Building Bitrise’s context-aware, browser-integrated AI copilot that keeps engineers in control

Note: This article is the second in this series. 🎉 Check out the first one here: Why we ditched frontier AI agents and built our own.

Improving the Bitrise dev experience with a powerful AI copilot

Almost every product has an AI-based chatbot now. At Bitrise, we wanted to go one better and bring our users something truly useful: a powerful AI assistant that acts as your co-pilot, speeding up tedious tasks and helping you quickly pinpoint bottlenecks and redundancies.

Our AI assistant can handle broad, open-ended questions: for example, you could ask it “How can I help my engineering team build faster?” The assistant knows the Bitrise platform and your account context inside out, and you can also grant it control over your browser tab. With this access, your assistant can quickly identify bottlenecks, navigate to the right page, show you the results, and suggest steps to boost your team’s productivity.

You could also ask it to clean up your Bitrise workflows. In this example, the assistant would navigate to the workflow editor, open the existing diff viewer, and perform the clean-up without saving, and then show its suggested changes so you can discard or apply them.

Exploring possible implementations of this product vision ran parallel to benchmarking AI LLMs and coding agents in early 2025.

How it works: Pydantic.AI proof of concept

The exploration began by searching for frameworks that support building LLM-powered applications. There were many options. Popular ones like LangChain and CrewAI offered numerous features and a strong ecosystem for development and production.
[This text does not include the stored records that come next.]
text \<open>The next pair either lies in the rectangle already spanned by \<open>Q\<close>, or it adds one new
  left vertex, or one new right vertex.\<close>
lemma sum_bipartite_next_pairs:
  fixes g :: "nat \<Rightarrow> nat \<Rightarrow> real"
  assumes Q: "Q \<subseteq> {..<m} \<times> {..<n}"
    and f: "\<And>p. p \<in> bipartite_next_pairs m n Q \<Longrightarrow>
      f p = g (card (fst ` insert p Q)) (card (snd ` insert p Q))"
  defines "a \<equiv> card (fst ` Q)" and "b \<equiv> card (snd ` Q)"
  shows "(\<Sum>p\<in>bipartite_next_pairs m n Q. f p) =
    real (a * b - card Q) * g a b + real ((m - a) * b) * g (a + 1) b + real (a * (n - b)) * g a (b + 1)"
proof -
  define A B where "A = fst ` Q" and "B = snd ` Q"
  have "A \<subseteq> {..<m}" "B \<subseteq> {..<n}"
    using Q by (auto simp: A_def B_def)
  then have A: "A \<subseteq> {..<m}" "finite A" and B: "B \<subseteq> {..<n}" "finite B"
    by (auto intro: finite_subset)
  have "Q \<subseteq> A \<times> B" by (force simp: A_def B_def)
  define P_old P_left P_right where
    "P_old = A \<times> B - Q" and "P_left = ({..<m} - A) \<times> B" and "P_right = A \<times> ({..<n} - B)"
  have "bipartite_next_pairs m n Q = P_old \<union> P_left \<union> P_right"
    using A B \<open>Q \<subseteq> A \<times> B\<close>
    by (auto simp: bipartite_next_pairs_def P_old_def P_left_def P_right_def A_def B_def)
  moreover have "finite P_old" "finite P_left" "finite P_right"
    using A B by (simp_all add: P_old_def P_left_def P_right_def)
  moreover have "P_old \<inter> P_left = {}" "(P_old \<union> P_left) \<inter> P_right = {}"
    by (auto simp: P_old_def P_left_def P_right_def)
  ultimately have split: "(\<Sum>p\<in>bipartite_next_pairs m n Q. f p) =
      sum f P_old + sum f P_left + sum f P_right"
    by (simp add: sum.union_disjoint)
  have f_next: "f p = g (card (insert (fst p) A)) (card (insert (snd p) B))"
    if "p \<in> P_old \<union> P_left \<union> P_right" for p
    using f[of p] that \<open>bipartite_next_pairs m n Q = P_old \<union> P_left \<union> P_right\<close>
    by (simp add: A_def B_def)
  have sum_const: "sum f P = real (card P) * c" if "\<And>p. p \<in> P \<Longrightarrow> f p = c" for P c
    using that by simp
  have ab: "a = card A" "b = card B"
    by (simp_all add: a_def b_def A_def B_def)
  have "sum f P_old = real (card P_old) * g a b"
  proof (rule sum_const)
    fix p assume p: "p \<in> P_old"
    then have "fst p \<in> A" "snd p \<in> B" by (auto simp: P_old_def)
    then show "f p = g a b" using f_next[of p] p by (simp add: ab insert_absorb)
  qed
  moreover have "sum f P_left = real (card P_left) * g (a + 1) b"
  proof (rule sum_const)
    fix p assume p: "p \<in> P_left"
    then have "fst p \<notin> A" "snd p \<in> B" by (auto simp: P_left_def)
    then show "f p = g (a + 1) b" using f_next[of p] p A(2) by (simp add: ab insert_absorb)
  qed
  moreover have "sum f P_right = real (card P_right) * g a (b + 1)"
  proof (rule sum_const)
    fix p assume p: "p \<in> P_right"
    then have "fst p \<in> A" "snd p \<notin> B" by (auto simp: P_right_def)
    then show "f p = g a (b + 1)" using f_next[of p] p B(2) by (simp add: ab insert_absorb)
  qed
  moreover have "card P_old = a * b - card Q" "card P_left = (m - a) * b" "card P_right = a * (n - b)"
    using A B \<open>Q \<subseteq> A \<times> B\<close> finite_subset[OF \<open>Q \<subseteq> A \<times> B\<close>]
    by (simp_all add: P_old_def P_left_def P_right_def a_def b_def A_def B_def
        card_Diff_subset card_cartesian_product)
  ultimately show ?thesis
    unfolding split by simp
qed

lemma card_bipartite_shelling_completions:
  assumes "Q \<subseteq> {..<m} \<times> {..<n}" "Q \<noteq> {}" "edges_connected (bipartite_edge ` Q)"
  shows "real (card (shelling_completions (complete_bipartite m n) (bipartite_edge ` Q))) =
    bipartite_completion_count m n (card (fst ` Q)) (card (snd ` Q)) (card Q)"
  using assms
proof (induction "card ({..<m} \<times> {..<n} - Q)" arbitrary: Q rule: less_induct)
  case less
  let ?C = "\<lambda>Q. real (card (shelling_completions (complete_bipartite m n) (bipartite_edge ` Q)))"
  let ?G = "bipartite_completion_count m n"
  have "finite Q"
    using less.prems(1) by (rule finite_subset) simp
  show ?case
  proof (cases "Q = {..<m} \<times> {..<n}")
    case True
    with less.prems(2) have "fst ` Q = {..<m}" "snd ` Q = {..<n}"
      by auto
    then show ?thesis
      using True by (simp add: shelling_completions_eq_Nil complete_bipartite_eq_image
          card_cartesian_product bipartite_completion_count_complete)
  next
    case False
    have IH: "?C (insert p Q) = ?G (card (fst ` insert p Q)) (card (snd ` insert p Q)) (card Q + 1)"
      if "p \<in> bipartite_next_pairs m n Q" for p
    proof -
      have p: "p \<in> {..<m} \<times> {..<n} - Q" "fst p \<in> fst ` Q \<or> snd p \<in> snd ` Q"
        using that by (auto simp: bipartite_next_pairs_def)
      then have "card ({..<m} \<times> {..<n} - insert p Q) < card ({..<m} \<times> {..<n} - Q)"
        and "edges_connected (bipartite_edge ` insert p Q)"
        using edges_connected_insert_bipartite_edge_iff[OF less.prems(3,2)]
        by (blast intro: psubset_card_mono)+
      then have "?C (insert p Q) =
          ?G (card (fst ` insert p Q)) (card (snd ` insert p Q)) (card (insert p Q))"
        using less.prems(1) p(1) by (intro less.hyps) auto
      then show ?thesis
        using p(1) \<open>finite Q\<close> by simp
    qed
    have "card Q < m * n"
      using False less.prems(1) psubset_card_mono[of "{..<m} \<times> {..<n}" Q]
      by (auto simp: card_cartesian_product)
    have "?C Q = (\<Sum>p\<in>bipartite_next_pairs m n Q. ?C (insert p Q))"
      using card_bipartite_shelling_completions_step[OF less.prems(1) False less.prems(2,3)] by simp
    also have "\<dots> = real (card (fst ` Q) * card (snd ` Q) - card Q) *
          ?G (card (fst ` Q)) (card (snd ` Q)) (card Q + 1)
        + real ((m - card (fst ` Q)) * card (snd ` Q)) *
          ?G (card (fst ` Q) + 1) (card (snd ` Q)) (card Q + 1)
        + real (card (fst ` Q) * (n - card (snd ` Q))) *
          ?G (card (fst ` Q)) (card (snd ` Q) + 1) (card Q + 1)"
      using less.prems(1) IH by (rule sum_bipartite_next_pairs)
    also have "\<dots> = ?G (card (fst ` Q)) (card (snd ` Q)) (card Q)"
      using card_fst_snd_image_bounds[OF less.prems(1,2)] \<open>card Q < m * n\<close>
      by (intro bipartite_completion_count_rec[symmetric]) auto
    finally show ?thesis .
  qed
qed

theorem theorem2p1:
  fixes m n :: nat
  assumes "m \<ge> 1" and "n \<ge> 1"
  shows "real (num_shellings (complete_bipartite m n))
         = fact m * fact n * fact (m * n) / fact (m + n - 1)"
proof -
  let ?E = "complete_bipartite m n"
  have "(0, 0) \<in> {..<m} \<times> {..<n}"
    using assms by auto
  then have "\<not> ?E \<subseteq> {}"
    unfolding complete_bipartite_eq_image by blast
  moreover have "{e \<in> ?E - {}. edges_connected (insert e {})} = bipartite_edge ` ({..<m} \<times> {..<n})"
    by (auto simp: complete_bipartite_eq_image edges_connected_doubleton)
  ultimately have "num_shellings ?E =
      (\<Sum>p\<in>{..<m} \<times> {..<n}. card (shelling_completions ?E (bipartite_edge ` {p})))"
    unfolding num_shellings_def shellings_eq_completions_empty
    by (simp add: card_shelling_completions_step finite_complete_bipartite sum.reindex
        inj_on_subset[OF inj_bipartite_edge])
  moreover have "real (card (shelling_completions ?E (bipartite_edge ` {p}))) =
      bipartite_completion_count m n 1 1 1" if "p \<in> {..<m} \<times> {..<n}" for p
    using card_bipartite_shelling_completions[of "{p}" m n] that
    by (cases p) (simp add: edges_connected_doubleton)
  ultimately have "real (num_shellings ?E) =
      (\<Sum>p\<in>{..<m} \<times> {..<n}. bipartite_completion_count m n 1 1 1)"
    by simp
  also have "\<dots> = fact m * fact n * fact (m * n) / fact (m + n - 1)"
    using assms fact_reduce[of "m * n", where 'a = real]
    by (simp add: bipartite_completion_count_def card_cartesian_product add.commute)
  finally show ?thesis .
qed

end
However, while their high abstraction level speeds up feature addition, it also slows or blocks debugging and optimization without a rewrite.

Exploring further, we found Pydantic.AI. It seemed to match our needs, allowing model-agnostic agent implementation, lightweight agent and tool definitions, and enforcing type-safe LLM responses. As I will describe in the next section, we ended up using a different framework, but we gained key insights from our experience with Pydantic.AI.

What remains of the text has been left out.